- [Problem to work on]
Among the entries below, find each line holding "prems" and return it.

- [Excerpts from a dataset]
▼▼▼

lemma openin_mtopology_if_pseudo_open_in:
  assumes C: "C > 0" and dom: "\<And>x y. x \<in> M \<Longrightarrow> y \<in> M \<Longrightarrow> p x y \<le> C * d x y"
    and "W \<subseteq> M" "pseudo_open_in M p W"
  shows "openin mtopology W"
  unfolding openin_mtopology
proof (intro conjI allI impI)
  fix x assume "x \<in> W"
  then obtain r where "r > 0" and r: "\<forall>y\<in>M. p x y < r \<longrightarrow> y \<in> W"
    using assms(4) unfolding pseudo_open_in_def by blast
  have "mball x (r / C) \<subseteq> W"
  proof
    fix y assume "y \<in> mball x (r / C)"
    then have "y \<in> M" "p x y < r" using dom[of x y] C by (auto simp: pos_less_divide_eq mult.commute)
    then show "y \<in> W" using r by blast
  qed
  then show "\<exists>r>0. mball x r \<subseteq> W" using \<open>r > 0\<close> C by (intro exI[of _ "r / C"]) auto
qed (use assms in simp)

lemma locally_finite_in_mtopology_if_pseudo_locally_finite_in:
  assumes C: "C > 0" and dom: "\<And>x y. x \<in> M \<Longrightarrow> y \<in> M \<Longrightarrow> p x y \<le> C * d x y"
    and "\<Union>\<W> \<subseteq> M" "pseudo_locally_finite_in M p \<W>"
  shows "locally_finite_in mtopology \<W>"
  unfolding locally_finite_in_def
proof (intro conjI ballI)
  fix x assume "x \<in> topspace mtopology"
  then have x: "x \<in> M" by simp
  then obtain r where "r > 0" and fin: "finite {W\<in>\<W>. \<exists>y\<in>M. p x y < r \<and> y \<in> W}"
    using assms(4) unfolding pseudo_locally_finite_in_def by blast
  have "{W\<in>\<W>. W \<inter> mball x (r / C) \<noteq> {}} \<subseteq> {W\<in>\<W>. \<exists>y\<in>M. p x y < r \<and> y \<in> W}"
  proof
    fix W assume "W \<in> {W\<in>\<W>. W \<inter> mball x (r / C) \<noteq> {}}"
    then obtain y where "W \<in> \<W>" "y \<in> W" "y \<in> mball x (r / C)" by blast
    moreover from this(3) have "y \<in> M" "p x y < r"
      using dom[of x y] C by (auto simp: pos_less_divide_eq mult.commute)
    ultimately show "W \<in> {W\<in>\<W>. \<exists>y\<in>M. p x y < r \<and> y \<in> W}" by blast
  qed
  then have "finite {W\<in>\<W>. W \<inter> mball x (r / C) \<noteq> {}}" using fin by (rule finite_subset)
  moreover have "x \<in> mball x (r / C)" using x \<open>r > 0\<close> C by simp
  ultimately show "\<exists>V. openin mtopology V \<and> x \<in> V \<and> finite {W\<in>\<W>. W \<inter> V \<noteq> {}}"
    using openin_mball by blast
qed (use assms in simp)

▲▲▲
▼▼▼

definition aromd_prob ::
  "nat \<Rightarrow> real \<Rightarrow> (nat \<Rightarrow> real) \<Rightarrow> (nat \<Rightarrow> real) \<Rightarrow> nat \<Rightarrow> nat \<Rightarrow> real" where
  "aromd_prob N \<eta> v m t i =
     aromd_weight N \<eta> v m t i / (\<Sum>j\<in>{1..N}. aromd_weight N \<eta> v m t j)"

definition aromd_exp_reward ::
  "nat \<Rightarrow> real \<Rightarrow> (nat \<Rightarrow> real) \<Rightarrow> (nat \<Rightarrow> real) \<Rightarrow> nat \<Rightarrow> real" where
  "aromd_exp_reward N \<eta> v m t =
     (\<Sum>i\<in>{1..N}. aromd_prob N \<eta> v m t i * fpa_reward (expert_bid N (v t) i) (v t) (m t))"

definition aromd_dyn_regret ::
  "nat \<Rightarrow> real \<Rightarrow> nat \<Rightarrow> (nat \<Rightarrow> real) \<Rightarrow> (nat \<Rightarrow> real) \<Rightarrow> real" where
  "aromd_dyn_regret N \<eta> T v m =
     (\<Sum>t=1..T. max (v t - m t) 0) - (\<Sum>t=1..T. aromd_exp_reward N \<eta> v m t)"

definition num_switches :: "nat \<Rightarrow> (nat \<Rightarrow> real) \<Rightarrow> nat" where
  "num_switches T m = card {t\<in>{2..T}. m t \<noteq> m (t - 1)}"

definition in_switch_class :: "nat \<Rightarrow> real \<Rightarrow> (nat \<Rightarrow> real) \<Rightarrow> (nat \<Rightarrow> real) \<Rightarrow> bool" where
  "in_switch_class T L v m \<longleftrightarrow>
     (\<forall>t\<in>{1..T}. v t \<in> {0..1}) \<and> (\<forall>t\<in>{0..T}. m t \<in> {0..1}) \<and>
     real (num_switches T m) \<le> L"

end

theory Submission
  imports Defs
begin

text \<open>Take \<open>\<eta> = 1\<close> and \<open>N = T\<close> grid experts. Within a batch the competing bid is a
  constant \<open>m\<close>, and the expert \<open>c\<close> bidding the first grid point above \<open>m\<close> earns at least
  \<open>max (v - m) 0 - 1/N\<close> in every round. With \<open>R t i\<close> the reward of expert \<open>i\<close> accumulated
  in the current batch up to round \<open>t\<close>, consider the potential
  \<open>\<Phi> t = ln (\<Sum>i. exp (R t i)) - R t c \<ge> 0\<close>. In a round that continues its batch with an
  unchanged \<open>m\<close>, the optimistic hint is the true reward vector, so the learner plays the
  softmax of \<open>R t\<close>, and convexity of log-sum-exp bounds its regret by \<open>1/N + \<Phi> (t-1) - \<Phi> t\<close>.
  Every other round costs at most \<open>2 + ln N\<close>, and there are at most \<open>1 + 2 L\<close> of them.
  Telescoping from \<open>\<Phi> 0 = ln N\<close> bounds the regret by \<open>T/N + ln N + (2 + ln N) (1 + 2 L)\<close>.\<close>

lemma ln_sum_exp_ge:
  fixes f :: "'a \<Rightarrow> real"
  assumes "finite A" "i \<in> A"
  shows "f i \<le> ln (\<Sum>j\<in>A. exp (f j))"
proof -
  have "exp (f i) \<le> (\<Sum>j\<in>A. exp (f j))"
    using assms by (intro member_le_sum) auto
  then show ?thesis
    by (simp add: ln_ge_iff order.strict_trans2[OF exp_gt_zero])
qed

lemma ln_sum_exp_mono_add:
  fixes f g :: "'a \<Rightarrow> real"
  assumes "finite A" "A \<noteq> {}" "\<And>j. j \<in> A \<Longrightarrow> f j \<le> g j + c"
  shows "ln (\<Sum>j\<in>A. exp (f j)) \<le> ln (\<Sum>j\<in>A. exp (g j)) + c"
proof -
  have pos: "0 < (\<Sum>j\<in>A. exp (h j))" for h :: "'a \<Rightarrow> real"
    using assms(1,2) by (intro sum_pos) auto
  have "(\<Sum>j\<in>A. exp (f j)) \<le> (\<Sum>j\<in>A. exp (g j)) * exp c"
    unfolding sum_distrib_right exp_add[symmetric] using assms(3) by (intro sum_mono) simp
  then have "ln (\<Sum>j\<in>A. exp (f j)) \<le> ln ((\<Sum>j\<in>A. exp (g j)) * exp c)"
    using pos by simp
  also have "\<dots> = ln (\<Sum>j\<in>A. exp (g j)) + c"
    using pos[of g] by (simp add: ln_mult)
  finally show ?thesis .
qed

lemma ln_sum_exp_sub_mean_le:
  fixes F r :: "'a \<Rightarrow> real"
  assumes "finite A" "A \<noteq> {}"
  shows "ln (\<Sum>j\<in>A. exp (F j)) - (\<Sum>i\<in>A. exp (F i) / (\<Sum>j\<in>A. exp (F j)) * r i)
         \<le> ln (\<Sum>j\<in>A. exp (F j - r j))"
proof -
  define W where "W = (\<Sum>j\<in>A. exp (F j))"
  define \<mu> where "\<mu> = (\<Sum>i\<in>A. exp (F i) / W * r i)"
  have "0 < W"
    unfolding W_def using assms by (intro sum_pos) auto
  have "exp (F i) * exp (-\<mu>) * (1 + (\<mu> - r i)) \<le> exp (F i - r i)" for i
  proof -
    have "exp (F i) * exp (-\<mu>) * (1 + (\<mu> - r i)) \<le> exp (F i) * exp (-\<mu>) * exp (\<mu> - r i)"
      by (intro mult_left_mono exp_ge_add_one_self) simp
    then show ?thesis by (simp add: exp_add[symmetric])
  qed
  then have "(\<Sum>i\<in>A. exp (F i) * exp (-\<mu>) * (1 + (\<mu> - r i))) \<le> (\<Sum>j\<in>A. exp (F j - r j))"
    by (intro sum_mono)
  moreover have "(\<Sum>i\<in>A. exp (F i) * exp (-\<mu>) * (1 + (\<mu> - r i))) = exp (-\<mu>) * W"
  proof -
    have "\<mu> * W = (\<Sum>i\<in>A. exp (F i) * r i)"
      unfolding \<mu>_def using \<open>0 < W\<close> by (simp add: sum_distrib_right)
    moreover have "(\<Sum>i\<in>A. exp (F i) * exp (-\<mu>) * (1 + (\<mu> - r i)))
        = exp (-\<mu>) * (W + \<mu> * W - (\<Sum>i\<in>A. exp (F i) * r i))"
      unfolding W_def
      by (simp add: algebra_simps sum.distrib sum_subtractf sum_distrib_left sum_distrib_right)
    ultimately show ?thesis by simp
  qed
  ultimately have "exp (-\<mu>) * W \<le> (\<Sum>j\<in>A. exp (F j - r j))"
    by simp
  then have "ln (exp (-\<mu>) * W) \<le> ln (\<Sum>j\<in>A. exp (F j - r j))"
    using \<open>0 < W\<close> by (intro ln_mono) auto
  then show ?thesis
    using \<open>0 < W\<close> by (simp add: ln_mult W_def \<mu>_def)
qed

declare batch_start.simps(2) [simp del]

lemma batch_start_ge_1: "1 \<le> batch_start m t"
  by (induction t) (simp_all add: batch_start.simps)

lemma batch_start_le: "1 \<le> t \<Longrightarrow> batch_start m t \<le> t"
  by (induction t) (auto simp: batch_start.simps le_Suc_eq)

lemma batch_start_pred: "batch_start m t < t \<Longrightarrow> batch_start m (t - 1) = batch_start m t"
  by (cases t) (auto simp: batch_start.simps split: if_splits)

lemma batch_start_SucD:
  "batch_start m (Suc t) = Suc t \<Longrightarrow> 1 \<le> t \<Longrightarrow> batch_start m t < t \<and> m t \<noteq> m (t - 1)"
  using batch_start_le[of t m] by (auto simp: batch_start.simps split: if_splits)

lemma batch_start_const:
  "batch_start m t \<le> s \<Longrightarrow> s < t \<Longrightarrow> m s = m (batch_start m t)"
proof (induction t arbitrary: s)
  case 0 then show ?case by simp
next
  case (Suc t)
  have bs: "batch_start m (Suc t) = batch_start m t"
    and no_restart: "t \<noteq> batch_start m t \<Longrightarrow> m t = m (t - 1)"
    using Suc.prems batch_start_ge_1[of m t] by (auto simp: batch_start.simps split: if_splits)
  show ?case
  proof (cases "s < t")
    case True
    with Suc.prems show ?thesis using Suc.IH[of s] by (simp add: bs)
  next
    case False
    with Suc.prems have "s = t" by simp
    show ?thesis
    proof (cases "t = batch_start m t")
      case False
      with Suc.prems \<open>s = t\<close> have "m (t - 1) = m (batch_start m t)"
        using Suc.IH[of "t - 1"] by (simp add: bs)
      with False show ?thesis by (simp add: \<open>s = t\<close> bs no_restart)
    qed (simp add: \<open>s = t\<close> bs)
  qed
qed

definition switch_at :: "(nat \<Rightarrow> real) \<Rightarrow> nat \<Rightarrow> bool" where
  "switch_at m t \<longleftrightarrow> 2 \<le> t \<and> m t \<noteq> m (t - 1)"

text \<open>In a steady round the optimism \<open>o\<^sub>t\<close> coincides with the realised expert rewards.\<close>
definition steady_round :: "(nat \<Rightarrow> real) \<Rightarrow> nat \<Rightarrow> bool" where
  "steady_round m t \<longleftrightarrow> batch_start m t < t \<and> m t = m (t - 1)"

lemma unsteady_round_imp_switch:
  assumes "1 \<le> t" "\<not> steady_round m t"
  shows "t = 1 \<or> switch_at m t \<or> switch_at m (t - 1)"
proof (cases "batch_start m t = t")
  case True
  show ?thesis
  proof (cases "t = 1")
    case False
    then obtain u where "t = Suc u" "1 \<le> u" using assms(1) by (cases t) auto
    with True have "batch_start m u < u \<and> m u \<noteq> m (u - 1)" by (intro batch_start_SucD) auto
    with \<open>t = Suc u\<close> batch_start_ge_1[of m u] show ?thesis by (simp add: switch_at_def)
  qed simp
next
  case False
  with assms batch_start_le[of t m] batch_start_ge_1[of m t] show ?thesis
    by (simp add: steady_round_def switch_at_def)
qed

▲▲▲
▼▼▼

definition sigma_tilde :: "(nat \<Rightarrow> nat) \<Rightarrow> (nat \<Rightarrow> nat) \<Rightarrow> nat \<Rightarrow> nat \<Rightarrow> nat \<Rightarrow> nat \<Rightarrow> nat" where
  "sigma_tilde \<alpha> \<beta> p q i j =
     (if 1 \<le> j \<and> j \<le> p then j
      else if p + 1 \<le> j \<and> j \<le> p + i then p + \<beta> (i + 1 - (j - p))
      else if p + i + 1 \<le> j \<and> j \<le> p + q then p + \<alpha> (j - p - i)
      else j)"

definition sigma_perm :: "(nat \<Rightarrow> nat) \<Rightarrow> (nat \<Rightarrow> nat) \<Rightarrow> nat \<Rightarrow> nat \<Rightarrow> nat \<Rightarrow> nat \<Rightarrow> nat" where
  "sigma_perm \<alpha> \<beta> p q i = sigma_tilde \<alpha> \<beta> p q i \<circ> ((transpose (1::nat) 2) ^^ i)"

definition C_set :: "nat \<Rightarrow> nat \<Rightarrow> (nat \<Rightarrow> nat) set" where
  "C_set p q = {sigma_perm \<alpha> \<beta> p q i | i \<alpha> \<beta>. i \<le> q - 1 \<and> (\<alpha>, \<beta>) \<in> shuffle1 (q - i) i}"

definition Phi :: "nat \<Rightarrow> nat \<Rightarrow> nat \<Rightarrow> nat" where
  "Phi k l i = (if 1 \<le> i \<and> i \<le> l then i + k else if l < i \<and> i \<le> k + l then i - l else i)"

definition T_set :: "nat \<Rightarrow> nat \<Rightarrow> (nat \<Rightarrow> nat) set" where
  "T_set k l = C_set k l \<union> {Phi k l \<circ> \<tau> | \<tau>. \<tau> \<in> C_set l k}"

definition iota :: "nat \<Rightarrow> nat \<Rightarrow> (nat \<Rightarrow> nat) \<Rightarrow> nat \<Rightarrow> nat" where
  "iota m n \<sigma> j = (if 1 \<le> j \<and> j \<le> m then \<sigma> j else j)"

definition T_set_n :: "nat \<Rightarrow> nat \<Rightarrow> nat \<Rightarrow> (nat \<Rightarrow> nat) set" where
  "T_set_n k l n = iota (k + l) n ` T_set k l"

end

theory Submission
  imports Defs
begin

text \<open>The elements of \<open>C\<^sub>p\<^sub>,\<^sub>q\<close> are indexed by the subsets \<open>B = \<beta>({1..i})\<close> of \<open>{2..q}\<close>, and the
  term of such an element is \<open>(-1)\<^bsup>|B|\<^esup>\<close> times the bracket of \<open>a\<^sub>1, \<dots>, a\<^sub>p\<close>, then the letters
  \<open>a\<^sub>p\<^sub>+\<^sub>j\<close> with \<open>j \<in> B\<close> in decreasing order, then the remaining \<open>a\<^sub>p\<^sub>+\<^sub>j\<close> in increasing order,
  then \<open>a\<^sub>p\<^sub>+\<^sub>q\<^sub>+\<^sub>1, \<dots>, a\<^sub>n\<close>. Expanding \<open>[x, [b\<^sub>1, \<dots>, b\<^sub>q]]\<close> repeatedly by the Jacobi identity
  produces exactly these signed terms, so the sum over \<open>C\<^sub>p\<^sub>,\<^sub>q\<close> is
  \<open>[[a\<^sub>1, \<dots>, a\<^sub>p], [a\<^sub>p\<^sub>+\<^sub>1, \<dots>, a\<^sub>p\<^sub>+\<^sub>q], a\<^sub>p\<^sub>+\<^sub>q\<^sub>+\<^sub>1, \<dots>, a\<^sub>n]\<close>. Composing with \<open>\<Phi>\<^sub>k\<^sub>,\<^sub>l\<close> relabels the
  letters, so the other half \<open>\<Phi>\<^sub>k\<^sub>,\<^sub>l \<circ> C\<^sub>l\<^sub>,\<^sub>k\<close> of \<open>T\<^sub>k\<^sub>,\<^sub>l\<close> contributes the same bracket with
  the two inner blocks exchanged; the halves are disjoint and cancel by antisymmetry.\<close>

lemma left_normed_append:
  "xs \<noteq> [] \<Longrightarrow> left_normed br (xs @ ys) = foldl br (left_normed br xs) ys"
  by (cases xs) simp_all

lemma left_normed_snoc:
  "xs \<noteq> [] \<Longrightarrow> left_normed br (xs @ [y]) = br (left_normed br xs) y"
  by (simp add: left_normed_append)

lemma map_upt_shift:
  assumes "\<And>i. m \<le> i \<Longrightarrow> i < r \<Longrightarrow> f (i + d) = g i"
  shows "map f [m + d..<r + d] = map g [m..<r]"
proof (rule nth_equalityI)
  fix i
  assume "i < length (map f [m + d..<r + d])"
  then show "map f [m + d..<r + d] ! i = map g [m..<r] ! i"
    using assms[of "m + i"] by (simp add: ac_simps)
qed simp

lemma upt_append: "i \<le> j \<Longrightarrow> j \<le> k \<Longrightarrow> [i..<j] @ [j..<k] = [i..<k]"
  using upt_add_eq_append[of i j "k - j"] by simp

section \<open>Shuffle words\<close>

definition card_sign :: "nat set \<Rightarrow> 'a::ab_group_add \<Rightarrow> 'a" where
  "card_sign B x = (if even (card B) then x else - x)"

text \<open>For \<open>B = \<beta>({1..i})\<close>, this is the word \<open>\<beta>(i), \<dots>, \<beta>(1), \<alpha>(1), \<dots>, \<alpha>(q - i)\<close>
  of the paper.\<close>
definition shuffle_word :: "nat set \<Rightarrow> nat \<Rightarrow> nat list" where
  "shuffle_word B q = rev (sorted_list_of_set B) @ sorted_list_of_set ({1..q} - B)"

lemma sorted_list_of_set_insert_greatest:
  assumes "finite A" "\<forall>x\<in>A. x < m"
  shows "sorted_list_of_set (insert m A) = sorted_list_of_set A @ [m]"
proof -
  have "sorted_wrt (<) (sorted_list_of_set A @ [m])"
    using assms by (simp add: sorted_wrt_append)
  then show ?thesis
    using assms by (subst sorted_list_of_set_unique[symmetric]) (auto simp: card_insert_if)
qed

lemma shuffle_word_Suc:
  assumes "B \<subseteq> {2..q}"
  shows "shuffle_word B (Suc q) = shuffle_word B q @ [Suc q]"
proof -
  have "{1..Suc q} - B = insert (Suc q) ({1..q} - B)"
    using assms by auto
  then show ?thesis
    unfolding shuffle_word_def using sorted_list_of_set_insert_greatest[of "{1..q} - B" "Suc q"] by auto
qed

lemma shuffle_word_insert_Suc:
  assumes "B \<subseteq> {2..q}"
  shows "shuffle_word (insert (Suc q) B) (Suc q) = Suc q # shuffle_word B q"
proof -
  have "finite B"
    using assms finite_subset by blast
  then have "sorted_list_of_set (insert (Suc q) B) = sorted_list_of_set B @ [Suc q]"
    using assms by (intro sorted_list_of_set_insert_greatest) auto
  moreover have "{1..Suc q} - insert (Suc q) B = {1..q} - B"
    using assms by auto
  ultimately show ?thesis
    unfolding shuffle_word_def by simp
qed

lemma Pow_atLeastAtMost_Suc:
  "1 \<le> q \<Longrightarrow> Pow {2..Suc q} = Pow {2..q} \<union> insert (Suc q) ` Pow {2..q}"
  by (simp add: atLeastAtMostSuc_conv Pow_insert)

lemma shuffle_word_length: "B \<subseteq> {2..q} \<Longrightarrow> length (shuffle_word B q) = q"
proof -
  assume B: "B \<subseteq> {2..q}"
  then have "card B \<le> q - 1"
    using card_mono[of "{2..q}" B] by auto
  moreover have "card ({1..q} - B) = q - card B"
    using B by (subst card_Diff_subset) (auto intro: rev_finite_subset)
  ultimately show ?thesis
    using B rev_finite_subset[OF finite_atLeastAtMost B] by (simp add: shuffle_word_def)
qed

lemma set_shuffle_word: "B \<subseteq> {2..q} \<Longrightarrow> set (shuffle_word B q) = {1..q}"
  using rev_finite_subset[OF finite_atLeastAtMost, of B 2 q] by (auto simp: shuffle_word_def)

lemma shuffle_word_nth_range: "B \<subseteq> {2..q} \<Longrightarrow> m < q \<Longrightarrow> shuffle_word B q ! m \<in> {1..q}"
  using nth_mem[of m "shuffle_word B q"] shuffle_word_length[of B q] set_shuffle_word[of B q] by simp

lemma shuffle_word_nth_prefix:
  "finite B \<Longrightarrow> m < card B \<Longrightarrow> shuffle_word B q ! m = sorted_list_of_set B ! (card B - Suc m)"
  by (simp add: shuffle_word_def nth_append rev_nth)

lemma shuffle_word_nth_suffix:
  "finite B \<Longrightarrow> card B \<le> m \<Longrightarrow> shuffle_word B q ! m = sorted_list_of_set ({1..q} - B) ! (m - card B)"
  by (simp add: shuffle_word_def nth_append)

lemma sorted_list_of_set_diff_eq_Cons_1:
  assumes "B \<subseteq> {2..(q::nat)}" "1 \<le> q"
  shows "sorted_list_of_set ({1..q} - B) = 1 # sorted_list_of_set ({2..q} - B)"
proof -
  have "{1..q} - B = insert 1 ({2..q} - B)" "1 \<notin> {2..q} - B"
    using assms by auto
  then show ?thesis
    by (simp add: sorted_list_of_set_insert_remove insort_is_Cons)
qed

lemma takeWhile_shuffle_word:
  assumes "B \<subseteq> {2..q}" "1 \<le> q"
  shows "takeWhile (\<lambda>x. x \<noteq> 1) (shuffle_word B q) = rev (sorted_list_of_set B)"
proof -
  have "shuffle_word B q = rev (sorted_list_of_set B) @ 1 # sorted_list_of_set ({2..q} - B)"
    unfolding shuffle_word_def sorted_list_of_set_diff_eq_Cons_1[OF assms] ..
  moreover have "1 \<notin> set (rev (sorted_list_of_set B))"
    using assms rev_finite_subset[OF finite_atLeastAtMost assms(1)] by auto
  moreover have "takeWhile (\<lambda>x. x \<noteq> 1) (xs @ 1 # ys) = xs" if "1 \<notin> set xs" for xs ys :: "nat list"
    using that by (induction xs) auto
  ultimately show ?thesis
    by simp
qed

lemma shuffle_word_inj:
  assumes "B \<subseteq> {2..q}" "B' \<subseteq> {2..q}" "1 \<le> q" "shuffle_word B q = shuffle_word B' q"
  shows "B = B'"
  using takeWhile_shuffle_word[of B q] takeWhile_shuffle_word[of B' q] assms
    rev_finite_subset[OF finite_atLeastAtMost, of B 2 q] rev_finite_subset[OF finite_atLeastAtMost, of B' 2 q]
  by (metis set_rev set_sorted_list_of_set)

▲▲▲

- [Exercise output]
    using Suc.prems batch_start_ge_1[of m t] by (auto simp: batch_start.simps split: if_splits)
    with Suc.prems show ?thesis using Suc.IH[of s] by (simp add: bs)
    with Suc.prems have "s = t" by simp
      with Suc.prems \<open>s = t\<close> have "m (t - 1) = m (batch_start m t)"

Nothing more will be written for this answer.